To grasp what this means, we need to peel this back one variable at a time, using the spectra in Figure 2 to demonstrate. The sample in both cases is polycarbonate, with the top spectrum collected by transmission, and the second spectrum by (diamond) ATR.

Figure 2 – Transmission and ATR (diamond ATR) spectra of polycarbonate.

In transmission, the pathlength has sharp boundaries, at the windows or sides of a pellet. In contrast, the intensity of the ATR evanescent wave decays exponentially with distance from the surface—there is no sharp cutoff. Harrick defined d_p as the point at which the intensity of the evanescent wave has dropped off by 1/e or roughly 1/3. This means there is intensity further away from the surface, so the tabulated values of d_p (see Table 1) are guides, not absolute boundaries. Indeed, IR signals due to components beneath a surface coating may be observed even though they are 3–4 times “deeper” than the tabulated d_p.

Two of the quantities in the d_p equation—θ and n_ATR—can be changed, but remain constant during a measurement. The angle is set by the accessory design and can be fixed (typically around 45°) or variable over a range (though fixed when collecting data). As the angle increases, d_p will decrease, so a 45° accessory will probe deeper into the sample than a 60° accessory. The crystal type is also constant during the measurement, so n_ATR is fixed. Changing the crystal is a powerful tool for altering pathlength, with germanium’s high index of 4 giving a very shallow d_p under 1 micron at 1000 cm^-1, while diamond and ZnSe will dive to over 2 microns. For a strong absorber (where a short Lwould be needed), Ge is the choice, while diamond is effective for most other materials.

From here, the situation gets interesting. The dependence on λ means that, as the wavelength shortens (the wavenumber grows), d_p decreases. Look closely at Figure 2. The two peaks near 1500 cm^-1 are similar in height. As one moves to a higher wavenumber, the ATR peaks become smaller. Note especially the tiny peak at 3500 cm^-1, shown enlarged in the inset.

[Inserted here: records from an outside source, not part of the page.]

(* Let $d\ge3$, $\gamma\in[1,2]$, $\rho_0>0$, and let $\rho$ be the Lane–Emden profile with central density $\rho_0$ on $[0,R_g)$. Then for all $r\in[0,R_g)$: if $\gamma\in[1,2)$, $\rho(r)\le\Big(\rho_0^{-(2-\gamma)}+\frac{2\pi}{d}\frac{2-\gamma}{\gamma}r^2\Big)^{-1/(2-\gamma)}$; if $\gamma=2$, $\rho(r)\le\exp\big(\ln\rho_0-\frac{2\pi}{d}\frac{1}{\gamma}r^2\big)=\rho_0e^{-\pi r^2/d}$. Equivalently, for $\gamma>1$ with $w=\rho^{\gamma-1}$, $w_0=\rho_0^{\gamma-1}$, $\alpha=1/(\gamma-1)$: $w(r)\le\big(w_0^{-(\alpha-1)}+\frac{2\pi}{d}\frac{2-\gamma}{\gamma}r^2\big)^{-1/(\alpha-1)}$ if $\alpha\ne1$ and $w(r)\le\exp\big(\ln w_0-\frac{2\pi}{d}\frac{\gamma-1}{\gamma}r^2\big)$ if $\alpha=1$; and for $\gamma=1$ with $h=\ln\rho$, $h_0=\ln\rho_0$: $h(r)\le-\ln\big(e^{-h_0}+\frac{2\pi}{d}r^2\big)$.
   Context: Fix an integer $d\ge 3$ and $\gamma\in[1,2]$. For $\rho_0>0$, the (radial, gaseous) Lane–Emden profile with central density $\rho_0$ is the unique continuous function $\rho:[0,R_g)\to(0,\infty)$, defined on its maximal interval of existence $[0,R_g)$, $R_g\in(0,\infty]$, with $\rho(0)=\rho_0$ and, writing $m(r)=4\pi\int_0^r y^{d-1}\rho(y)\,dy$, $\frac{d}{dr}\big(\rho(r)^\gamma\big)=-\rho(r)\,m(r)/r^{d-1}$ for $0<r<R_g$ (equivalently: for $\gamma>1$, $w=\rho^{\gamma-1}$ satisfies $w'(r)=-4\pi\frac{\gamma-1}{\gamma}r^{1-d}\int_0^r y^{d-1}w(y)^{\alpha}dy$ with $\alpha=1/(\gamma-1)$; for $\gamma=1$, $h=\ln\rho$ satisfies $h'(r)=-4\pi r^{1-d}\int_0^r y^{d-1}e^{h(y)}dy$). *)

theory Defs
  imports "HOL-Analysis.Analysis"
begin

definition le_mass :: "nat \<Rightarrow> (real \<Rightarrow> real) \<Rightarrow> real \<Rightarrow> real" where
  "le_mass d \<rho> r = 4 * pi * integral {0..r} (\<lambda>y. y ^ (d - 1) * \<rho> y)"

definition le_solution :: "nat \<Rightarrow> real \<Rightarrow> real \<Rightarrow> (real \<Rightarrow> real) \<Rightarrow> ereal \<Rightarrow> bool" where
  "le_solution d \<gamma> \<rho>0 \<rho> R \<longleftrightarrow>
     R > 0 \<and>
     continuous_on {r. 0 \<le> r \<and> ereal r < R} \<rho> \<and>
     (\<forall>r. 0 \<le> r \<and> ereal r < R \<longrightarrow> \<rho> r > 0) \<and>
     \<rho> 0 = \<rho>0 \<and>
     (\<forall>r. 0 < r \<and> ereal r < R \<longrightarrow>
        ((\<lambda>s. \<rho> s powr \<gamma>) has_real_derivative
           (- \<rho> r * le_mass d \<rho> r / r ^ (d - 1))) (at r))"

text \<open>The Lane-Emden profile: a solution on its maximal interval of existence [0,Rg),
  i.e. it admits no extension to a solution on a strictly larger interval [0,R').\<close>
definition lane_emden_profile :: "nat \<Rightarrow> real \<Rightarrow> real \<Rightarrow> (real \<Rightarrow> real) \<Rightarrow> ereal \<Rightarrow> bool" where
  "lane_emden_profile d \<gamma> \<rho>0 \<rho> Rg \<longleftrightarrow>
     le_solution d \<gamma> \<rho>0 \<rho> Rg \<and>
     \<not> (\<exists>R' \<rho>'. R' > Rg \<and> le_solution d \<gamma> \<rho>0 \<rho>' R' \<and>
           (\<forall>r. 0 \<le> r \<and> ereal r < Rg \<longrightarrow> \<rho>' r = \<rho> r))"

end

theory Submission
  imports Defs
begin

text \<open>Since the mass is nonnegative, \<open>\<rho>\<^sup>\<gamma>\<close> and hence \<open>\<rho>\<close> decrease, so the mass inside
  radius \<open>s\<close> is at least that of the homogeneous ball of density \<open>\<rho>(s)\<close>:
  \<open>m(s) \<ge> 4\<pi> \<rho>(s) s\<^sup>d / d\<close>. For \<open>f = \<rho>\<^sup>\<gamma>\<close> this gives the differential inequality
  \<open>f' \<le> -K s f\<^sup>1\<^sup>+\<^sup>c\<close> with \<open>K = 4\<pi>/d\<close> and \<open>c = (2 - \<gamma>)/\<gamma>\<close>. For \<open>c > 0\<close> it makes
  \<open>f\<^sup>-\<^sup>c - c K s\<^sup>2/2\<close> increasing, for \<open>c = 0\<close> it makes \<open>ln f + K s\<^sup>2/2\<close> decreasing;
  comparing the values at \<open>0\<close> and \<open>r\<close> yields the two bounds.\<close>

lemma has_integral_power_atLeastAtMost:
  fixes b :: real
  assumes "0 \<le> b"
  shows "((\<lambda>y. y ^ k) has_integral b ^ Suc k / Suc k) {0..b}"
proof -
  have "((\<lambda>y. y ^ k) has_integral b ^ Suc k / Suc k - 0 ^ Suc k / Suc k) {0..b}"
  proof (rule fundamental_theorem_of_calculus)
    fix x :: real
    have "((\<lambda>y. y ^ Suc k / Suc k) has_real_derivative real (Suc k) * x ^ k / Suc k) (at x)"
      using DERIV_pow[of "Suc k" x] by (intro DERIV_cdivide) simp
    then have "((\<lambda>y. y ^ Suc k / Suc k) has_real_derivative x ^ k) (at x)"
      by (simp del: of_nat_Suc)
    then show "((\<lambda>y. y ^ Suc k / Suc k) has_vector_derivative x ^ k) (at x within {0..b})"
      by (simp add: has_real_derivative_iff_has_vector_derivative has_vector_derivative_at_within)
  qed (use assms in auto)
  then show ?thesis by simp
qed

Visible in transmission, the extremely shallow d_p at that wavenumber (less than a micron) coupled with the weak ε causes the peak to almost disappear in the ATR spectrum. The C-H region around 2900–3100 cm^-1 also shows a lower signal, due to the same small d_p. In contrast, at and below 1000 cm^-1, the ATR bands become more prominent as d_p increases. Essentially, the pathlength L varies across the spectrum.^‡

The most fascinating variable is n_sample. Most organic materials have a refractive index around 1.5 in the mid-IR region. However, the refractive index changes rapidly in the presence of a strong absorption band—n_sample is not a constant! Look at the large peaks of the polycarbonate between 1100 and 1300 cm^-1. In the transmission spectrum, the peaks are very strong. Because of this, the refractive index changes significantly in this region, which changes d_p (and thus L). Figure 3 shows how the refractive index changes near a strong absorption. It is constant across most of the region, but has a large change near the low frequency peak. Note the peak shifts in Figure 2 and the huge change in the shape of the band around 1235 cm^-1 caused by this phenomenon. The shape and location of those peaks changed. The stronger the absorption, the more pronounced the changes.

Figure 3 – Variance of the refractive index (bottom) with IR absorption (top).

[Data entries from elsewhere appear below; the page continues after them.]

(* For every positive integer $N$ there exist a connected simple graph $G$ and a vertex $v\in V(G)$ which is not a cut vertex of $G$ such that $|\chi_{dom}(G)-\chi_{dom}(G-v)|\geq N$. (For instance, $G$ a wheel $W_n$ with $n$ large and $v$ its center, so that $G-v$ is the cycle $C_n$.)
   Context: All graphs are finite and simple. A dominated coloring of a graph $H$ is a proper vertex coloring of $H$ such that for every color class $C$ there is a vertex $x\in V(H)$ adjacent to every vertex of $C$. The dominated chromatic number $\chi_{dom}(H)$ is the minimum number of colors in a dominated coloring of $H$. $G-v$ denotes the graph obtained from $G$ by deleting $v$ and all edges incident with $v$. The wheel $W_n$ is the graph obtained from the cycle $C_n$ by adding one new vertex (the center) adjacent to all vertices of the cycle. *)

theory Defs
  imports Main
begin

definition simple_graph :: "'a set \<Rightarrow> 'a set set \<Rightarrow> bool" where
  "simple_graph V E \<longleftrightarrow> finite V \<and> (\<forall>e\<in>E. e \<subseteq> V \<and> card e = 2)"

definition adj :: "'a set set \<Rightarrow> 'a \<Rightarrow> 'a \<Rightarrow> bool" where
  "adj E x y \<longleftrightarrow> {x, y} \<in> E"

fun is_walk :: "'a set \<Rightarrow> 'a set set \<Rightarrow> 'a list \<Rightarrow> bool" where
  "is_walk V E [] \<longleftrightarrow> False"
| "is_walk V E [x] \<longleftrightarrow> x \<in> V"
| "is_walk V E (x # y # xs) \<longleftrightarrow> x \<in> V \<and> adj E x y \<and> is_walk V E (y # xs)"

definition connected_graph :: "'a set \<Rightarrow> 'a set set \<Rightarrow> bool" where
  "connected_graph V E \<longleftrightarrow> V \<noteq> {} \<and>
     (\<forall>x\<in>V. \<forall>y\<in>V. \<exists>p. is_walk V E p \<and> hd p = x \<and> last p = y)"

definition del_vertex_V :: "'a set \<Rightarrow> 'a \<Rightarrow> 'a set" where
  "del_vertex_V V v = V - {v}"

definition del_vertex_E :: "'a set set \<Rightarrow> 'a \<Rightarrow> 'a set set" where
  "del_vertex_E E v = {e \<in> E. v \<notin> e}"

definition cut_vertex :: "'a set \<Rightarrow> 'a set set \<Rightarrow> 'a \<Rightarrow> bool" where
  "cut_vertex V E v \<longleftrightarrow> v \<in> V \<and> \<not> connected_graph (del_vertex_V V v) (del_vertex_E E v)"

definition dominated_coloring :: "'a set \<Rightarrow> 'a set set \<Rightarrow> ('a \<Rightarrow> nat) \<Rightarrow> nat \<Rightarrow> bool" where
  "dominated_coloring V E c k \<longleftrightarrow>
     (\<forall>x\<in>V. c x < k) \<and>
     (\<forall>x\<in>V. \<forall>y\<in>V. adj E x y \<longrightarrow> c x \<noteq> c y) \<and>
     (\<forall>i<k. (\<exists>z\<in>V. c z = i) \<longrightarrow> (\<exists>x\<in>V. \<forall>z\<in>V. c z = i \<longrightarrow> adj E x z))"

definition is_chi_dom :: "'a set \<Rightarrow> 'a set set \<Rightarrow> nat \<Rightarrow> bool" where
  "is_chi_dom V E k \<longleftrightarrow> (\<exists>c. dominated_coloring V E c k) \<and>
     (\<forall>j c. dominated_coloring V E c j \<longrightarrow> k \<le> j)"

end

theory Submission
  imports Defs
begin

text \<open>The fan on \<open>n\<close> blades is the path \<open>1 - 2 - \<dots> - n\<close> together with a centre \<open>0\<close> adjacent
  to all of it. Colouring the centre by itself and the path vertices by parity is a dominated
  colouring with three colours (the centre dominates both parity classes). Deleting the centre
  leaves the path, which stays connected; but in a path a vertex dominates at most two vertices,
  so every dominated colouring of it needs at least \<open>n / 2\<close> colours.\<close>

definition path_edges :: "nat \<Rightarrow> nat set set" where
  "path_edges n = {{i, Suc i} |i. 1 \<le> i \<and> i < n}"

definition fan_edges :: "nat \<Rightarrow> nat set set" where
  "fan_edges n = path_edges n \<union> {{0, i} |i. 1 \<le> i \<and> i \<le> n}"

lemma is_walk_mono:
  "is_walk V E p \<Longrightarrow> V \<subseteq> V' \<Longrightarrow> E \<subseteq> E' \<Longrightarrow> is_walk V' E' p"
  by (induction V E p rule: is_walk.induct) (auto simp: adj_def)

lemma is_walk_snoc:
  "is_walk V E p \<Longrightarrow> adj E (last p) x \<Longrightarrow> x \<in> V \<Longrightarrow> is_walk V E (p @ [x])"
  by (induction V E p rule: is_walk.induct) auto

lemma is_walk_rev: "is_walk V E p \<Longrightarrow> is_walk V E (rev p)"
proof (induction V E p rule: is_walk.induct)
  case (3 V E x y xs)
  then have "is_walk V E (rev (y # xs))" "adj E (last (rev (y # xs))) x"
    by (auto simp: adj_def insert_commute)
  with 3 show ?case using is_walk_snoc by fastforce
qed auto

lemma adj_simple_graph_neq: "simple_graph V E \<Longrightarrow> adj E x y \<Longrightarrow> x \<noteq> y"
  by (auto simp: simple_graph_def adj_def)

lemma is_chi_dom_exists:
  assumes "dominated_coloring V E c k"
  shows "\<exists>m \<le> k. is_chi_dom V E m"
proof -
  let ?m = "LEAST j. \<exists>c. dominated_coloring V E c j"
  have "is_chi_dom V E ?m" "?m \<le> k"
    unfolding is_chi_dom_def using assms by (auto intro: LeastI Least_le)
  then show ?thesis by blast
qed

text \<open>Without isolated vertices every colour class of an injective colouring is a single
  vertex, dominated by any of its neighbours.\<close>

lemma dominated_coloring_inj:
  assumes "simple_graph V E" "\<forall>x\<in>V. \<exists>y\<in>V. adj E y x"
    and "inj_on c V" "\<forall>x\<in>V. c x < k"
  shows "dominated_coloring V E c k"
  unfolding dominated_coloring_def
proof (intro conjI ballI allI impI)
  fix x y assume "x \<in> V" "y \<in> V" "adj E x y"
  then show "c x \<noteq> c y"
    using adj_simple_graph_neq[OF assms(1)] inj_on_eq_iff[OF assms(3)] by blast
next
  fix i assume "\<exists>z\<in>V. c z = i"
  then obtain z where z: "z \<in> V" "c z = i" by blast
  then obtain y where "y \<in> V" "adj E y z" using assms(2) by blast
  moreover have "\<forall>z'\<in>V. c z' = i \<longrightarrow> z' = z" using z inj_on_eq_iff[OF assms(3)] by blast
  ultimately show "\<exists>x\<in>V. \<forall>z\<in>V. c z = i \<longrightarrow> adj E x z" by blast
qed (use assms(4) in auto)

lemma card_le_degree_mult_dominated_colors:
  assumes "finite V" "dominated_coloring V E c k"
    and degree: "\<And>x. x \<in> V \<Longrightarrow> card {z \<in> V. adj E x z} \<le> d"
  shows "card V \<le> d * k"
proof -
  let ?class = "\<lambda>i. {z \<in> V. c z = i}"
  have cover: "V = (\<Union>i<k. ?class i)"
    using assms(2) unfolding dominated_coloring_def by auto
  have "card (?class i) \<le> d" if "i < k" for i
  proof (cases "?class i = {}")
    case True
    then show ?thesis by (metis card.empty le0)
  next
    case False
    then obtain x where "x \<in> V" "\<forall>z\<in>V. c z = i \<longrightarrow> adj E x z"
      using assms(2) \<open>i < k\<close> unfolding dominated_coloring_def by blast
    then have "card (?class i) \<le> card {z \<in> V. adj E x z}"
      using assms(1) by (intro card_mono) auto
    with degree \<open>x \<in> V\<close> show ?thesis by (meson le_trans)
  qed
  then have "(\<Sum>i<k. card (?class i)) \<le> d * k"
    using sum_mono[of "{..<k}" "\<lambda>i. card (?class i)" "\<lambda>_. d"] by (simp add: mult.commute)
  moreover have "card V \<le> (\<Sum>i<k. card (?class i))"
    by (subst cover) (rule card_UN_le, simp)
  ultimately show ?thesis by linarith
qed

lemma simple_graph_fan: "simple_graph {0..n} (fan_edges n)"
  unfolding simple_graph_def fan_edges_def path_edges_def by auto

lemma simple_graph_path: "simple_graph {1..n} (path_edges n)"
  unfolding simple_graph_def path_edges_def by auto

lemma fan_delete_centre:
  "del_vertex_V {0..n} 0 = {1..n}" "del_vertex_E (fan_edges n) 0 = path_edges n"
  unfolding del_vertex_V_def del_vertex_E_def fan_edges_def path_edges_def by auto

lemma is_walk_path_upt:
  assumes "1 \<le> i" "i \<le> j" "j \<le> n"
  shows "is_walk {1..n} (path_edges n) [i..<Suc j]"
  using assms(2,3)
proof (induction j rule: dec_induct)
  case (step m)
  have "adj (path_edges n) (last [i..<Suc m]) (Suc m)"
    using step.hyps step.prems assms(1) by (auto simp: adj_def path_edges_def)
  moreover have "Suc m \<in> {1..n}" using step.prems by simp
  moreover have "[i..<Suc (Suc m)] = [i..<Suc m] @ [Suc m]" using step.hyps by simp
  ultimately show ?case using step by (simp del: upt_Suc add: is_walk_snoc)
qed (use assms(1) in simp)

lemma connected_path: "1 \<le> n \<Longrightarrow> connected_graph {1..n} (path_edges n)"
  unfolding connected_graph_def
proof (intro conjI ballI)
  have walk: "\<exists>p. is_walk {1..n} (path_edges n) p \<and> hd p = x \<and> last p = y"
    if "x \<in> {1..n}" "y \<in> {1..n}" "x \<le> y" for x y
    using that is_walk_path_upt[of x y n]
    by (intro exI[of _ "[x..<Suc y]"]) (simp del: upt_Suc add: hd_upt last_upt)
  fix x y assume "x \<in> {1..n}" "y \<in> {1..n}"
  then show "\<exists>p. is_walk {1..n} (path_edges n) p \<and> hd p = x \<and> last p = y"
    using walk[of x y] walk[of y x] is_walk_rev
    by (cases "x \<le> y") (force simp: hd_rev last_rev)+
qed auto

lemma connected_fan:
  assumes "1 \<le> n"
  shows "connected_graph {0..n} (fan_edges n)"
  unfolding connected_graph_def
proof (intro conjI ballI)
  fix x y assume xy: "x \<in> {0..n}" "y \<in> {0..n}"
  have spoke: "adj (fan_edges n) 0 z" "adj (fan_edges n) z 0" if "z \<in> {1..n}" for z
    using that by (auto simp: adj_def fan_edges_def insert_commute)
  show "\<exists>p. is_walk {0..n} (fan_edges n) p \<and> hd p = x \<and> last p = y"
  proof (cases "x = 0 \<or> y = 0")
    case True
    with xy spoke show ?thesis
      by (elim disjE; cases "x = y")
        (auto intro: exI[of _ "[x]"] exI[of _ "[x, y]"])
  next
    case False
    then obtain p where "is_walk {1..n} (path_edges n) p" "hd p = x" "last p = y"
      using connected_path[OF assms] xy unfolding connected_graph_def by force
    moreover have "{1..n} \<subseteq> {0..n}" "path_edges n \<subseteq> fan_edges n"
      by (auto simp: fan_edges_def)
    ultimately show ?thesis using is_walk_mono by blast
  qed
qed auto

lemma dominated_coloring_fan:
  assumes "1 \<le> n"
  shows "dominated_coloring {0..n} (fan_edges n) (\<lambda>i. if i = 0 then 0 else if even i then 1 else 2) 3"
  unfolding dominated_coloring_def
proof (intro conjI allI impI)
  fix i :: nat assume "i < 3"
  show "\<exists>x\<in>{0..n}. \<forall>z\<in>{0..n}. (if z = 0 then 0 else if even z then 1 else 2) = i
          \<longrightarrow> adj (fan_edges n) x z"
  proof (cases "i = 0")
    case True
    with assms show ?thesis
      by (intro bexI[of _ 1]) (auto simp: adj_def fan_edges_def insert_commute)
  next
    case False
    then show ?thesis by (intro bexI[of _ 0]) (auto simp: adj_def fan_edges_def)
  qed
qed (auto simp: adj_def fan_edges_def path_edges_def doubleton_eq_iff)

lemma dominated_coloring_path:
  assumes "2 \<le> n"
  shows "dominated_coloring {1..n} (path_edges n) (\<lambda>i. i - 1) n"
proof (rule dominated_coloring_inj[OF simple_graph_path])
  show "\<forall>x\<in>{1..n}. \<exists>y\<in>{1..n}. adj (path_edges n) y x"
  proof
    fix x assume "x \<in> {1..n}"
    show "\<exists>y\<in>{1..n}. adj (path_edges n) y x"
    proof (cases "x = 1")
      case True
      with assms show ?thesis by (auto simp: adj_def path_edges_def intro!: bexI[of _ 2])
    next
      case False
      with \<open>x \<in> {1..n}\<close> show ?thesis
        by (auto simp: adj_def path_edges_def intro!: bexI[of _ "x - 1"] exI[of _ "x - 1"])
    qed
  qed
qed (auto simp: inj_on_def)

lemma path_degree_le_2: "card {z \<in> {1..n}. adj (path_edges n) x z} \<le> 2"
proof -
  have "{z \<in> {1..n}. adj (path_edges n) x z} \<subseteq> {x - 1, Suc x}"
    by (auto simp: adj_def path_edges_def doubleton_eq_iff)
  then have "card {z \<in> {1..n}. adj (path_edges n) x z} \<le> card {x - 1, Suc x}"
    by (intro card_mono) auto
  also have "\<dots> \<le> 2" by (simp add: card_insert_if)
  finally show ?thesis .
qed

lemma is_chi_dom_path_lower: "is_chi_dom {1..n} (path_edges n) k \<Longrightarrow> n \<le> 2 * k"
  using card_le_degree_mult_dominated_colors[OF _ _ path_degree_le_2]
  unfolding is_chi_dom_def by fastforce

theorem theorem2p3:
  fixes N :: nat
  assumes "N > 0"
  shows "\<exists>(V :: nat set) E v k1 k2.
           simple_graph V E \<and> connected_graph V E \<and> v \<in> V \<and> \<not> cut_vertex V E v \<and>
           is_chi_dom V E k1 \<and>
           is_chi_dom (del_vertex_V V v) (del_vertex_E E v) k2 \<and>
           \<bar>int k1 - int k2\<bar> \<ge> int N"
proof -
  define n where "n = 2 * N + 6"
  have n: "2 \<le> n" by (simp add: n_def)
  obtain k1 where k1: "k1 \<le> 3" "is_chi_dom {0..n} (fan_edges n) k1"
    using is_chi_dom_exists[OF dominated_coloring_fan] n by (meson le_trans one_le_numeral)
  obtain k2 where k2: "is_chi_dom {1..n} (path_edges n) k2"
    using is_chi_dom_exists[OF dominated_coloring_path[OF n]] by blast
  have "n \<le> 2 * k2" using is_chi_dom_path_lower[OF k2] .
  with k1(1) have "\<bar>int k1 - int k2\<bar> \<ge> int N" by (simp add: n_def)
  moreover have "\<not> cut_vertex {0..n} (fan_edges n) 0"
    using connected_path n by (simp add: cut_vertex_def fan_delete_centre)
  ultimately show ?thesis
    using simple_graph_fan connected_fan n k1(2) k2
    by (intro exI[of _ "{0..n}"] exI[of _ "fan_edges n"] exI[of _ 0] exI[of _ k1] exI[of _ k2])
      (simp add: fan_delete_centre)
qed

end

Search results and ATR corrections

Many libraries—commercial and private—were collected using transmission methods. The changes induced by using ATR will thus lower the match values. Using a standard correlation algorithm, the polycarbonate matches for the top and bottom spectra in Figure 2 are 98 and 80, respectively. Observing the spectra in Figure 2, it would be easy to conclude they were different materials.

First-generation correction algorithms relied on simply correcting for the dependence of d_p on λ. This is shown in Figure 4. The influence on the intensities is pronounced; again, note the region between 2900 and 3100 cm^-1, and the “depressing” of peaks below 1000 cm^-1. Even so, the search result remains about 80—there is more going on here.

Figure 4 – ATR correction based on λ only.

The latest, most comprehensive algorithms, such as the Advanced ATR Correction in the Thermo Scientific OMNIC software (Thermo Fisher Scientific, Madison, WI), correct for both λ and n_sample variations, giving a spectrum that is close to having a constant L across the full range. Figure 5 compares the transmission (top) and fully corrected ATR spectrum (bottom). The intensities and peak locations are now very close or identical. The search correlation match value is 98, essentially the same as for the transmission reference sample. Hence, the advanced ATR correction enables the use of classically collected libraries with ATR data.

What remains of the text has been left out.